In the entries below, find each line with the word "since" and pull it out.

++++

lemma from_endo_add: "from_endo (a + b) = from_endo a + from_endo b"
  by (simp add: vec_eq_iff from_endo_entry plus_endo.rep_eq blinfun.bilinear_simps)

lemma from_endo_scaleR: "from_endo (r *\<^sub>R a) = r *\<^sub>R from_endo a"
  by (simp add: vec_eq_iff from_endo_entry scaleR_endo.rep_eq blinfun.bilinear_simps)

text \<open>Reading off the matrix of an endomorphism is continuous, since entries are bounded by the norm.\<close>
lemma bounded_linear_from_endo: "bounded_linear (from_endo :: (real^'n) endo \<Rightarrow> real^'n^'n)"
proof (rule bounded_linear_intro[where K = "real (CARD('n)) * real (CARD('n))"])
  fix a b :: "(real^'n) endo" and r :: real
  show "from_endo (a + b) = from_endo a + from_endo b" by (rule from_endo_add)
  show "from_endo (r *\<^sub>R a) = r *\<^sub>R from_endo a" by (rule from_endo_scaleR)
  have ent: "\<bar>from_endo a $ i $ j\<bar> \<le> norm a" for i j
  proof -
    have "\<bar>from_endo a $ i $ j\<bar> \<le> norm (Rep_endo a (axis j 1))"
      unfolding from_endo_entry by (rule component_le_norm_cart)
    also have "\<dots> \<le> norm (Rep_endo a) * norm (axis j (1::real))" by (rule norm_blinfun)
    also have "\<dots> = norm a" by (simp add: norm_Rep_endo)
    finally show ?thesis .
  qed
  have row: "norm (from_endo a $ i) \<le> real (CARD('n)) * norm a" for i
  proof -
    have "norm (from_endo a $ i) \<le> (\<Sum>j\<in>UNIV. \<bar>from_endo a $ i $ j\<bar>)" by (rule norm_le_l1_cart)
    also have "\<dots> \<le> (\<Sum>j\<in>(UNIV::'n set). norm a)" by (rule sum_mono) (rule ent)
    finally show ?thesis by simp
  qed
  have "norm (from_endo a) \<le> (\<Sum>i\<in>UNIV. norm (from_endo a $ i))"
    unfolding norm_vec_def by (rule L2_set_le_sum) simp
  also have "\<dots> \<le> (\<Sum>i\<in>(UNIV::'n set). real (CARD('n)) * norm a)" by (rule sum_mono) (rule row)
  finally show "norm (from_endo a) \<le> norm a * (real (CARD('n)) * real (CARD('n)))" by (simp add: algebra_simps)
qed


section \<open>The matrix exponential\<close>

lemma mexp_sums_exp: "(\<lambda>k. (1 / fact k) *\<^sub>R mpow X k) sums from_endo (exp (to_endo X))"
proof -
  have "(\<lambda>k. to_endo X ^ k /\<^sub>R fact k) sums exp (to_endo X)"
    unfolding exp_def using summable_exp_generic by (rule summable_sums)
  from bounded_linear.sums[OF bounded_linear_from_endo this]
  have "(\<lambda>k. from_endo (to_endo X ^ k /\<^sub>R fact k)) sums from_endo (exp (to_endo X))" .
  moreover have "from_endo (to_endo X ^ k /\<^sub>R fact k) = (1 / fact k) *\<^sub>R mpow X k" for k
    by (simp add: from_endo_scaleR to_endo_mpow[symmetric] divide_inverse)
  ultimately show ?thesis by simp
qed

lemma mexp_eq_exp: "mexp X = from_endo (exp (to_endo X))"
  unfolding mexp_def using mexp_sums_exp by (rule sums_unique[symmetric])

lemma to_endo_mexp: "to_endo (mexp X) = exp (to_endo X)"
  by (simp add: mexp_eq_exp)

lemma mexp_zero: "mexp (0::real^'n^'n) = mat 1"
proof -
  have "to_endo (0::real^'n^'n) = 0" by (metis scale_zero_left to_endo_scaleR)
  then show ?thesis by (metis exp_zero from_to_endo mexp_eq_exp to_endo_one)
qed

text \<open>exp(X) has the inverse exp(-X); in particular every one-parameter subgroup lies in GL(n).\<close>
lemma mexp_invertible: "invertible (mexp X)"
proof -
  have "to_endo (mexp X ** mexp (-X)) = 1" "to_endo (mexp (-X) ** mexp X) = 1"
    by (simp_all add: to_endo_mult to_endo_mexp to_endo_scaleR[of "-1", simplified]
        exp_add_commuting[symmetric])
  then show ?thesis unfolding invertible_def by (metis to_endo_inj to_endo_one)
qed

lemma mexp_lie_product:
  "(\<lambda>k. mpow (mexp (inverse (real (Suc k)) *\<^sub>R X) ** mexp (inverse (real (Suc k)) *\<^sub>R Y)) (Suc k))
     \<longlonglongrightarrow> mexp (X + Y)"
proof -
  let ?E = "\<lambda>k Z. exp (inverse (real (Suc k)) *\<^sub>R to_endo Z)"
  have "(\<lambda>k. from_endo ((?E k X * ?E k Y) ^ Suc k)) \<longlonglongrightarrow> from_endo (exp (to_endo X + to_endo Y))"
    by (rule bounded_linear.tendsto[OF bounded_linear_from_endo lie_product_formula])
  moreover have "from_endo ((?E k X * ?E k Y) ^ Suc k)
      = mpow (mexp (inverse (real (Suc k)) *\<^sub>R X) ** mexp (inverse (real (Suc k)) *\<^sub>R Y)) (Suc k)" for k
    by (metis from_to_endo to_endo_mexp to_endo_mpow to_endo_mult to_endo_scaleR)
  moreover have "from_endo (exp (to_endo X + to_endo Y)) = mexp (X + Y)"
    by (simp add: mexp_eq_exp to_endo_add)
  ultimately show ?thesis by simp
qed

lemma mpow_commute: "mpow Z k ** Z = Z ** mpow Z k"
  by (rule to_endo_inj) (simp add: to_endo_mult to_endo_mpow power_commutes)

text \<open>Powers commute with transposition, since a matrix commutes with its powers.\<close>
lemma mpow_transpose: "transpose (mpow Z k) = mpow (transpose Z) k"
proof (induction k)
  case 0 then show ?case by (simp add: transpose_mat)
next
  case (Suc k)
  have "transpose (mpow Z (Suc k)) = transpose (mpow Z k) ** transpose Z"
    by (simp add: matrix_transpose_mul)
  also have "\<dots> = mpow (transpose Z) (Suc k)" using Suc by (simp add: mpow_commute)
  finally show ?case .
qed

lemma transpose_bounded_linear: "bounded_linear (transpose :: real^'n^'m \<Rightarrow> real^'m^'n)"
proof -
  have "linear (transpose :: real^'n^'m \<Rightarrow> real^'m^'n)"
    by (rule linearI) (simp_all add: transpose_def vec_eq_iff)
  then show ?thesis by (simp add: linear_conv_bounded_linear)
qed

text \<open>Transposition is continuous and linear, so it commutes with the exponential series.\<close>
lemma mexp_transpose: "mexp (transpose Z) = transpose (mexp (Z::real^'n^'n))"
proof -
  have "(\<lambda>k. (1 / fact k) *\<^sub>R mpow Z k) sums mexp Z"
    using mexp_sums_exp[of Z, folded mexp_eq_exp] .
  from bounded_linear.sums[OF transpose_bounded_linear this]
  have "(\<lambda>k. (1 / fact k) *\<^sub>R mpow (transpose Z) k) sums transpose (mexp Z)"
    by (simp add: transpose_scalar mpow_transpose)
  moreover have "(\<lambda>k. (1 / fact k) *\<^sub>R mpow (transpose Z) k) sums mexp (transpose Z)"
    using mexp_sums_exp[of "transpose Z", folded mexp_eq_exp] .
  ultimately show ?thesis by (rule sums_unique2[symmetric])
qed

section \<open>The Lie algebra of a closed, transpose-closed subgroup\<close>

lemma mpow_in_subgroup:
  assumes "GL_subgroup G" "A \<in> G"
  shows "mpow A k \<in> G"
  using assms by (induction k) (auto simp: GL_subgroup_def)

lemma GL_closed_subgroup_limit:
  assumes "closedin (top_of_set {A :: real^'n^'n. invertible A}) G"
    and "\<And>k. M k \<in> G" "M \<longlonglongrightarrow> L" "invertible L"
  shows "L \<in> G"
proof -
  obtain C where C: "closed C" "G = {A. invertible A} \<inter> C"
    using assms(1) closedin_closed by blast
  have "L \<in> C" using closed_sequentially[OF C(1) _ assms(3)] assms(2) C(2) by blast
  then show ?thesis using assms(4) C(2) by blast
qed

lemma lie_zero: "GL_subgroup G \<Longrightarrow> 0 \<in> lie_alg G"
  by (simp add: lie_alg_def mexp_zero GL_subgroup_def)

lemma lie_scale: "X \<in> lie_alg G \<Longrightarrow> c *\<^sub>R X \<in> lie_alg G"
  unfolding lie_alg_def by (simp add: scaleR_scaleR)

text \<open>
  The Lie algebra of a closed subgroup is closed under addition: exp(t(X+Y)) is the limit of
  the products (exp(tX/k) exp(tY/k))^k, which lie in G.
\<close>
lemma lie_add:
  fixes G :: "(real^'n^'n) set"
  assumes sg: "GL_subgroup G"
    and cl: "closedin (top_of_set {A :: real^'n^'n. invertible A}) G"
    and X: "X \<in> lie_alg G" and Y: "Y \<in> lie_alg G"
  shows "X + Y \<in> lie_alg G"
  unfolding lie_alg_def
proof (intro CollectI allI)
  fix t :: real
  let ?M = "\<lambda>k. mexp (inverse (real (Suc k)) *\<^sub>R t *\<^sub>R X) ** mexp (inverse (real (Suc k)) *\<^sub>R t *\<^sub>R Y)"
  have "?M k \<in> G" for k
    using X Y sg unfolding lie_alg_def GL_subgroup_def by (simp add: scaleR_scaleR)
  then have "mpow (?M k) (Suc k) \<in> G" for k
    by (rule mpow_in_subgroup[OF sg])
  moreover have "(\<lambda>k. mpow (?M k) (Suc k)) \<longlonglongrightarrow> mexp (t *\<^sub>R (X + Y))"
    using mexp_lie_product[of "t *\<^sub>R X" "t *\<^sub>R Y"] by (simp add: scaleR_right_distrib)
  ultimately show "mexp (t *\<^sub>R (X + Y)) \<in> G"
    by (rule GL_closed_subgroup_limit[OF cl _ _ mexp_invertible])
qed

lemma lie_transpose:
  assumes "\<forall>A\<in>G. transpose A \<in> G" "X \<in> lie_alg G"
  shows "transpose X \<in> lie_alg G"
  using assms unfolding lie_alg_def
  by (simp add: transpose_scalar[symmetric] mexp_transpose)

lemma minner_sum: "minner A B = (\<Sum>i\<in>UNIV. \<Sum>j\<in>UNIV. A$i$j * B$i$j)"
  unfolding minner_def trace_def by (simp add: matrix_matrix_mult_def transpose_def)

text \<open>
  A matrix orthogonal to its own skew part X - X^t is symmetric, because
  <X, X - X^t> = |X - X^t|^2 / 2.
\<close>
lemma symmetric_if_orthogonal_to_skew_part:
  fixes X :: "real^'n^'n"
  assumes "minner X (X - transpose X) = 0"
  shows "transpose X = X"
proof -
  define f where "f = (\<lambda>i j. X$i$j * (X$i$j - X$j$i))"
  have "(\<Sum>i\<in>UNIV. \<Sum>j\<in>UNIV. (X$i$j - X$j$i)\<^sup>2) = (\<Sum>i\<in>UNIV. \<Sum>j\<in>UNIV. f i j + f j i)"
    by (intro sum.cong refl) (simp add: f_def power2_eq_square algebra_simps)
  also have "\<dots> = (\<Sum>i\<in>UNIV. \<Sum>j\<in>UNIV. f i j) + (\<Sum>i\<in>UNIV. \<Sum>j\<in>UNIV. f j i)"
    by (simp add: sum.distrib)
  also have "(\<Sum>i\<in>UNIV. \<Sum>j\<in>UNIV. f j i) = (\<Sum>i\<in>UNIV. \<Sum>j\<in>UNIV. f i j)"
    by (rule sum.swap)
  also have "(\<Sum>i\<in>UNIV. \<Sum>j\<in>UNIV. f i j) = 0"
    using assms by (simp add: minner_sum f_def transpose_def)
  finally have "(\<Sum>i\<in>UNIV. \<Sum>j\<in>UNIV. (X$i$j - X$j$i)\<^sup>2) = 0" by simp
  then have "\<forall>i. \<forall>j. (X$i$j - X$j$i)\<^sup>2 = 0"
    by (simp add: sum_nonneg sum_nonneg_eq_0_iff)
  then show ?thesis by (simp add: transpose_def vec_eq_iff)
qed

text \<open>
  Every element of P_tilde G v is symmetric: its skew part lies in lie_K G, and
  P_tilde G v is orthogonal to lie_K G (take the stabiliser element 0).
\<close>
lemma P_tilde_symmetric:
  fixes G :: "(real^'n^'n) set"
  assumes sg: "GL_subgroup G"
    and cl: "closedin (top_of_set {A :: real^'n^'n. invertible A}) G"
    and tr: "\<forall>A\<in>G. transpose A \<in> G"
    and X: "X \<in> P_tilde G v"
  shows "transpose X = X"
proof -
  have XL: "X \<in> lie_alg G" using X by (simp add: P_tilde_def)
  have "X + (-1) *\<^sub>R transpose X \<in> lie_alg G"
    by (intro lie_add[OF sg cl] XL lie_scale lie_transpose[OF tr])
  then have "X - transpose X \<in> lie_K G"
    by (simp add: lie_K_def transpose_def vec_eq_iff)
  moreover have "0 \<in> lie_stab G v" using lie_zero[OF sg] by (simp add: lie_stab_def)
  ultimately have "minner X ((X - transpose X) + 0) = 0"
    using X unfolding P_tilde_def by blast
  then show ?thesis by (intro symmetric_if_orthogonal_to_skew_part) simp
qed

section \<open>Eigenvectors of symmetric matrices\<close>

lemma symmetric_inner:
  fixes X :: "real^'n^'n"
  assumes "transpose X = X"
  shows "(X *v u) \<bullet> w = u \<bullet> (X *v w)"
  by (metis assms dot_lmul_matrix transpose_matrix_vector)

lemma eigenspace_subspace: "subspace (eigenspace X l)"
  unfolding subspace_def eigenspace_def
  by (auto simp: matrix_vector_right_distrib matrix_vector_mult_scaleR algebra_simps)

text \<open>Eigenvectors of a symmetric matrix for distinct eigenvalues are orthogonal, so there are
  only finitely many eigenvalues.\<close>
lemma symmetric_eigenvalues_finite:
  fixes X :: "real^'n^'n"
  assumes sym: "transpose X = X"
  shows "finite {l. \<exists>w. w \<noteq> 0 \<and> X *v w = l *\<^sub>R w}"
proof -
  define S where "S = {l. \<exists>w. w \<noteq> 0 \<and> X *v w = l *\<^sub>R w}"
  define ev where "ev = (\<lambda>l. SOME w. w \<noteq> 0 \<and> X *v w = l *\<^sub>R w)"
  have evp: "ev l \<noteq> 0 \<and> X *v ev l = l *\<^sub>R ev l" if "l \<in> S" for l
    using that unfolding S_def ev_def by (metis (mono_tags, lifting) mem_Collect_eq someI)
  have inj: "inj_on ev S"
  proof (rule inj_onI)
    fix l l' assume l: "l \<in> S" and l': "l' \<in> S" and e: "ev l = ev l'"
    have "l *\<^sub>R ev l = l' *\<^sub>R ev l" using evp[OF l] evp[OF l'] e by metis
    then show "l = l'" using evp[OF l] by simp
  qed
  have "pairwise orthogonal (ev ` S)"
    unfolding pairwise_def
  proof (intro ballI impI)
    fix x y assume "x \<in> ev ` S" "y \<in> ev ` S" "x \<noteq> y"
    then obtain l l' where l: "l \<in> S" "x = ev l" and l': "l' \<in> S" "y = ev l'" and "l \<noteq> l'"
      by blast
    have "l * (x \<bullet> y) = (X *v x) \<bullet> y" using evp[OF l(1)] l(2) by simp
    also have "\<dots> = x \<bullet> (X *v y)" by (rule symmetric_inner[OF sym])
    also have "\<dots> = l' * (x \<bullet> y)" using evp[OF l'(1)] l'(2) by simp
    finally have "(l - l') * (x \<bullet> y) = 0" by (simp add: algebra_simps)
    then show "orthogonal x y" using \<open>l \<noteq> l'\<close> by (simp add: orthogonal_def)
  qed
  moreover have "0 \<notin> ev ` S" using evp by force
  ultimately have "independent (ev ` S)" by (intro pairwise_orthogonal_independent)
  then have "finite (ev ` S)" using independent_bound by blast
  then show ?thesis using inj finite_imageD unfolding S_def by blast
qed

++++

[EXERCISE OUTPUT]
text \<open>Reading off the matrix of an endomorphism is continuous, since entries are bounded by the norm.\<close>
text \<open>Powers commute with transposition, since a matrix commutes with its powers.\<close>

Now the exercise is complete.